The Quarter-note Donkey Exercise


A good preparatory exercise for learning to navigate chord changes is to practice making up quarter-note lines through the changes. “Walking lines”, if you will. Of course, this is routinely expected of bass players in jazz. But as a guitarist, you may never have thought much about how bass players come up with these lines. If you’ve never tried it, you may even be thinking, “Quarter notes... how hard could that be?” But there are some specific characteristics of a good-sounding walking bass line. The placement of each note in the measure matters a great deal. If we study this, we could come away with some new understandings about how to connect chord tones. We could, at the very least, come away with renewed appreciation for bass players! So let’s begin...

For bass players, a typical practice is to put the root of the chord on the first beat. They also usually prefer to connect chords by stepwise motion rather than large skips.

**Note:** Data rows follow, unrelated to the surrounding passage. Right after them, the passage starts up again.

(* Let $n\ge2$ and let $A\in M_n(\mathbb C)$ be nonzero. Then $\mathrm{rk}\,A=1$ if and only if there exist $n-1$ smooth elements $A_2,\dots,A_n\in M_n(\mathbb C)$ such that $A\in\bigcap_{i=2}^nA_i^\perp$ and $A$ is left-symmetric relative to $\bigcap_{i=2}^nA_i^\perp$.
   Context: $M_n(\mathbb C)$ carries the operator (spectral) norm. $X\perp Y$ (Birkhoff–James orthogonality) means $\|X+\lambda Y\|\ge\|X\|$ for all $\lambda\in\mathbb C$, and $X^\perp:=\{Y: X\perp Y\}$. $X$ is smooth if there is no $Y$ with $Y^\perp\subsetneq X^\perp$. For a subset $\mathcal S$, an element $X\in\mathcal S$ is left-symmetric relative to $\mathcal S$ if for every $Y\in\mathcal S$, $X\perp Y$ implies $Y\perp X$. *)

theory Defs
  imports "HOL-Analysis.Analysis"
begin

definition opnorm :: "complex^'n^'n \<Rightarrow> real" where
  "opnorm A = onorm (\<lambda>x. A *v x)"

definition cmscale :: "complex \<Rightarrow> complex^'n^'m \<Rightarrow> complex^'n^'m" where
  "cmscale c Y = (\<chi> i j. c * Y $ i $ j)"

definition bj_orth :: "complex^'n^'n \<Rightarrow> complex^'n^'n \<Rightarrow> bool" where
  "bj_orth X Y \<longleftrightarrow> (\<forall>c::complex. opnorm (X + cmscale c Y) \<ge> opnorm X)"

definition orth_set :: "complex^'n^'n \<Rightarrow> (complex^'n^'n) set" where
  "orth_set X = {Y. bj_orth X Y}"

definition smooth :: "complex^'n^'n \<Rightarrow> bool" where
  "smooth X \<longleftrightarrow> \<not> (\<exists>Y. orth_set Y \<subset> orth_set X)"

definition left_symmetric_rel :: "(complex^'n^'n) set \<Rightarrow> complex^'n^'n \<Rightarrow> bool" where
  "left_symmetric_rel S X \<longleftrightarrow> X \<in> S \<and> (\<forall>Y\<in>S. bj_orth X Y \<longrightarrow> bj_orth Y X)"

end

theory Submission
  imports Defs
begin

text \<open>
  If a unit vector p attains the norm of X
  and X p is orthogonal to Z p, then X is Birkhoff--James orthogonal to Z; for a rank-one matrix
  the converse holds, s t* being orthogonal to Z exactly when <s, Z t> = 0. Consequently the
  orthogonality set of a smooth matrix B is the kernel {Z. <B p, Z p> = 0} of a rank-one
  functional, p a norming vector of B.

  If A = u v*, take B_j = u x_j* with the x_j spanning the orthogonal complement of v. When Y lies
  in the intersection S of their orthogonality sets and A is orthogonal to Y, the vector Y* u is
  orthogonal to v and to every x_j, so Y* u = 0 and Y is orthogonal to A.

  Conversely write S = {Y. <w_j, Y x_j> = 0 for j \<noteq> j1}, let A p = sigma q and A* q = sigma p
  with sigma = ||A||, and put w_j1 = q, x_j1 = p. Left symmetry tested on rank-one matrices s t*
  gives <s, A t> = 0 whenever for each j either s is orthogonal to w_j or t to x_j. If the w_j
  span, this puts A* into the span of the x_j w_j*, and a Frobenius inner product computation
  yields A = sigma q p*; likewise if the x_j span. Otherwise there are unit vectors s and t
  orthogonal to all w_j and all x_j respectively, and Y = s p* + q t* + s t* lies in S with A
  orthogonal to Y, while ||Y - A/(2 sigma)|| \<le> 3/2 < ||Y||.
\<close>

section \<open>Hermitian inner product on complex vectors\<close>

definition cinner :: "complex^'n \<Rightarrow> complex^'n \<Rightarrow> complex" where
  "cinner x y = (\<Sum>i\<in>UNIV. cnj (x$i) * y$i)"

lemma cinner_add_left: "cinner (x + y) z = cinner x z + cinner y z"
  by (simp add: cinner_def distrib_right sum.distrib)

lemma cinner_add_right: "cinner x (y + z) = cinner x y + cinner x z"
  by (simp add: cinner_def distrib_left sum.distrib)

lemma cinner_diff_right: "cinner x (y - z) = cinner x y - cinner x z"
  by (simp add: cinner_def right_diff_distrib sum_subtractf)

lemma cinner_smult_left: "cinner (c *s x) y = cnj c * cinner x y"
  by (simp add: cinner_def sum_distrib_left mult_ac)

lemma cinner_smult_right: "cinner x (c *s y) = c * cinner x y"
  by (simp add: cinner_def sum_distrib_left mult_ac)

lemma cinner_zero_left [simp]: "cinner 0 x = 0"
  and cinner_zero_right [simp]: "cinner x 0 = 0"
  by (simp_all add: cinner_def)

lemma cinner_sum_right: "cinner x (\<Sum>j\<in>J. f j) = (\<Sum>j\<in>J. cinner x (f j))"
  by (induction J rule: infinite_finite_induct) (auto simp: cinner_add_right)

lemma cinner_commute: "cinner y x = cnj (cinner x y)"
  by (simp add: cinner_def mult.commute)

lemma cinner_eq_zero_sym: "cinner y x = 0 \<longleftrightarrow> cinner x y = 0"
  by (simp add: cinner_commute[of y])

lemma cnj_mult_self: "cnj z * z = of_real ((cmod z)\<^sup>2)"
  using complex_norm_square[of z] by (simp add: mult.commute)

lemma cinner_self: "cinner x x = of_real ((norm x)\<^sup>2)"
proof -
  have "cinner x x = (\<Sum>i\<in>UNIV. of_real ((cmod (x$i))\<^sup>2))"
    unfolding cinner_def by (simp add: cnj_mult_self)
  then show ?thesis
    by (simp add: norm_vec_def L2_set_def sum_nonneg)
qed

lemma cinner_self_eq_zero [simp]: "cinner x x = 0 \<longleftrightarrow> x = 0"
  by (simp add: cinner_self)

lemma cinner_unit_self: "norm x = 1 \<Longrightarrow> cinner x x = 1"
  by (simp add: cinner_self)

lemma cinner_axis_right: "cinner v (axis k 1) = cnj (v$k)"
  by (simp add: cinner_def axis_def if_distrib cong: if_cong)

lemma Re_cinner: "Re (cinner x y) = inner x y"
  by (simp add: cinner_def inner_vec_def inner_complex_def Re_sum)

lemma norm_vector_smult: "norm (c *s (x::complex^'n)) = cmod c * norm x"
proof -
  have "(norm (c *s x))\<^sup>2 = (cmod c * norm x)\<^sup>2"
    by (simp add: norm_vec_def L2_set_def sum_nonneg power_mult_distrib norm_mult sum_distrib_left)
  then show ?thesis
    by (simp add: power2_eq_iff_nonneg)
qed

lemma norm_normalize: "x \<noteq> 0 \<Longrightarrow> norm (of_real (1 / norm x) *s (x::complex^'n)) = 1"
  by (simp add: norm_vector_smult norm_divide)

lemma norm_add_square:
  "(norm (x + y :: complex^'n))\<^sup>2 = (norm x)\<^sup>2 + 2 * Re (cinner x y) + (norm y)\<^sup>2"
  by (simp add: Re_cinner power2_norm_eq_inner inner_add inner_commute)

lemma norm_add_square_orthogonal:
  "cinner x y = 0 \<Longrightarrow> (norm (x + y :: complex^'n))\<^sup>2 = (norm x)\<^sup>2 + (norm y)\<^sup>2"
  by (simp add: norm_add_square)

lemma norm_add3_square_orthogonal:
  fixes u v w :: "complex^'n"
  assumes "cinner u v = 0" "cinner u w = 0" "cinner v w = 0"
  shows "(norm (u + v + w))\<^sup>2 = (norm u)\<^sup>2 + (norm v)\<^sup>2 + (norm w)\<^sup>2"
  using assms by (simp add: norm_add_square_orthogonal cinner_add_left)

lemma orthonormal_pair_decomposition:
  assumes "norm p = 1" "norm t = 1" "cinner p t = 0"
  obtains z where "x = cinner p x *s p + cinner t x *s t + z" "cinner p z = 0" "cinner t z = 0"
    "(norm x)\<^sup>2 = (cmod (cinner p x))\<^sup>2 + (cmod (cinner t x))\<^sup>2 + (norm z)\<^sup>2"
proof
  define z where "z = x - cinner p x *s p - cinner t x *s t"
  have tp: "cinner t p = 0"
    using assms(3) by (simp add: cinner_eq_zero_sym)
  show "x = cinner p x *s p + cinner t x *s t + z"
    by (simp add: z_def)
  show pz: "cinner p z = 0" and tz: "cinner t z = 0"
    using assms tp by (simp_all add: z_def cinner_diff_right cinner_smult_right cinner_unit_self)
  show "(norm x)\<^sup>2 = (cmod (cinner p x))\<^sup>2 + (cmod (cinner t x))\<^sup>2 + (norm z)\<^sup>2"
    by (subst (1) \<open>x = cinner p x *s p + cinner t x *s t + z\<close>, subst norm_add3_square_orthogonal)
      (simp_all add: cinner_smult_left cinner_smult_right assms pz tz norm_vector_smult)
qed

lemma norm_cinner_le: "cmod (cinner x y) \<le> norm x * norm y"
proof (cases "cinner x y = 0")
  case False
  define l where "l = cinner x y / of_real (cmod (cinner x y))"
  have "cmod (cinner x y) = Re (cinner (l *s x) y)"
    using False cmod_power2[of "cinner x y"]
    by (simp add: cinner_smult_left l_def power2_eq_square field_simps)
  also have "\<dots> \<le> norm (l *s x) * norm y"
    unfolding Re_cinner by (rule norm_cauchy_schwarz)
  also have "\<dots> = norm x * norm y"
    using False by (simp add: norm_vector_smult l_def norm_divide)
  finally show ?thesis .
qed simp

lemma multiple_if_perp_perp:
  assumes "\<And>t. cinner x t = 0 \<Longrightarrow> cinner t v = 0"
  shows "\<exists>c. v = c *s x"
proof -
  define t where "t = v - (cinner x v / cinner x x) *s x"
  have "cinner x t = 0"
    by (cases "x = 0") (simp_all add: t_def cinner_diff_right cinner_smult_right)
  then have "cinner t t = 0"
    using assms by (simp add: t_def cinner_diff_right cinner_smult_right cinner_eq_zero_sym)
  then show ?thesis
    by (auto simp: t_def)
qed

lemma orthogonal_complement_spanning_family:
  fixes v :: "complex^'n"
  assumes vk: "v$k \<noteq> 0"
  obtains x :: "'n \<Rightarrow> complex^'n"
  where "\<And>j. cinner v (x j) = 0" and "\<And>j. j \<noteq> k \<Longrightarrow> x j \<noteq> 0"
    and "\<And>r. cinner r v = 0 \<Longrightarrow> (\<And>j. j \<noteq> k \<Longrightarrow> cinner r (x j) = 0) \<Longrightarrow> r = 0"
proof
  define x where "x j = axis j 1 - (cnj (v$j) / cnj (v$k)) *s axis k 1" for j
  show "cinner v (x j) = 0" for j
    using vk by (simp add: x_def cinner_diff_right cinner_smult_right cinner_axis_right)
  show "x j \<noteq> 0" if "j \<noteq> k" for j
  proof
    assume "x j = 0"
    then have "x j $ j = 0"
      by simp
    then show False
      using that by (simp add: x_def axis_def)
  qed
  fix r
  assume rv: "cinner r v = 0" and rx: "\<And>j. j \<noteq> k \<Longrightarrow> cinner r (x j) = 0"
  define l where "l = cnj (r$k) / cnj (v$k)"
  have r: "cnj (r$j) = l * cnj (v$j)" for j
  proof (cases "j = k")
    case False
    then show ?thesis
      using rx[OF False] vk
      by (simp add: x_def cinner_diff_right cinner_smult_right cinner_axis_right l_def field_simps)
  qed (use vk in \<open>simp add: l_def\<close>)
  then have "cinner r v = l * cinner v v"
    by (simp add: cinner_def sum_distrib_left mult_ac)
  then have "l = 0"
    using rv assms by (auto simp: vec_eq_iff)
  then show "r = 0"
    using r by (simp add: vec_eq_iff)
qed

lemma dual_family_exists:
  fixes w :: "'n \<Rightarrow> complex^'n"
  assumes span: "\<And>s. (\<And>j. cinner (w j) s = 0) \<Longrightarrow> s = 0"
  obtains s where "\<And>i j. cinner (w i) (s j) = (if i = j then 1 else 0)"
proof -
  define W :: "complex^'n^'n" where "W = (\<chi> j k. cnj (w j $ k))"
  have W: "W *v y = (\<chi> j. cinner (w j) y)" for y
    by (simp add: W_def matrix_vector_mult_def cinner_def vec_eq_iff)
  have "inj ((*v) W)"
  proof (rule injI)
    fix a b
    assume "W *v a = W *v b"
    then have "a - b = 0"
      by (intro span) (simp add: W vec_eq_iff cinner_diff_right)
    then show "a = b"
      by simp
  qed
  then have "surj ((*v) W)"
    by (rule vec.linear_inj_imp_surj[OF matrix_vector_mul_linear_gen])
  then have "\<forall>j. \<exists>s. W *v s = axis j 1"
    by (metis surjD)
  then obtain s where "\<And>j. W *v s j = axis j 1"
    by metis
  then have "cinner (w i) (s j) = (if i = j then 1 else 0)" for i j
    using W[of "s j"] by (simp add: vec_eq_iff axis_def)
  then show ?thesis
    using that by blast
qed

They tend to put chord tones on beats one and three when playing traditional walking lines in 4/4 time.


Since we’re not bass players, I’d suggest that we not worry so much about putting the root on the downbeat; other chord tones would be okay. We can also be freer about using extensions and alterations as chord tones. (Not to say that modern bass players don’t do that anyway.)

What follows next is a sample chorus I did on “All the Things You Are”, using the guidelines above. I’ve tried to give you a mix of easily understood diatonic stuff and not-so-predictable chromatic stuff. As I walked through the progression, I had to keep in mind things like key centers and appropriate scales for things like dominant chords in ii-V progressions. But I focused on putting chord tones on beats 1 and 3 and I moved from chord to chord by step rather than skip. (Occasionally, as in measure 4, I used the lowered 7th on a major chord, implying a dominant sounds for a stronger pull to the next chord. Bass players do that sometimes.) Here’s what happened:


musical notation


Play this example, then make up some of your own. Next steps to take:
• Break up the quarter note pattern; add rests. Distribute the same notes differently in the time.
• Add connecting eighth notes between some of the quarter notes.
• Add connecting eighth notes between ALL of the quarter notes for a continuous eighth note line - you’ll probably have to use a lot of chromaticism to make this work, and you’ll learn from that.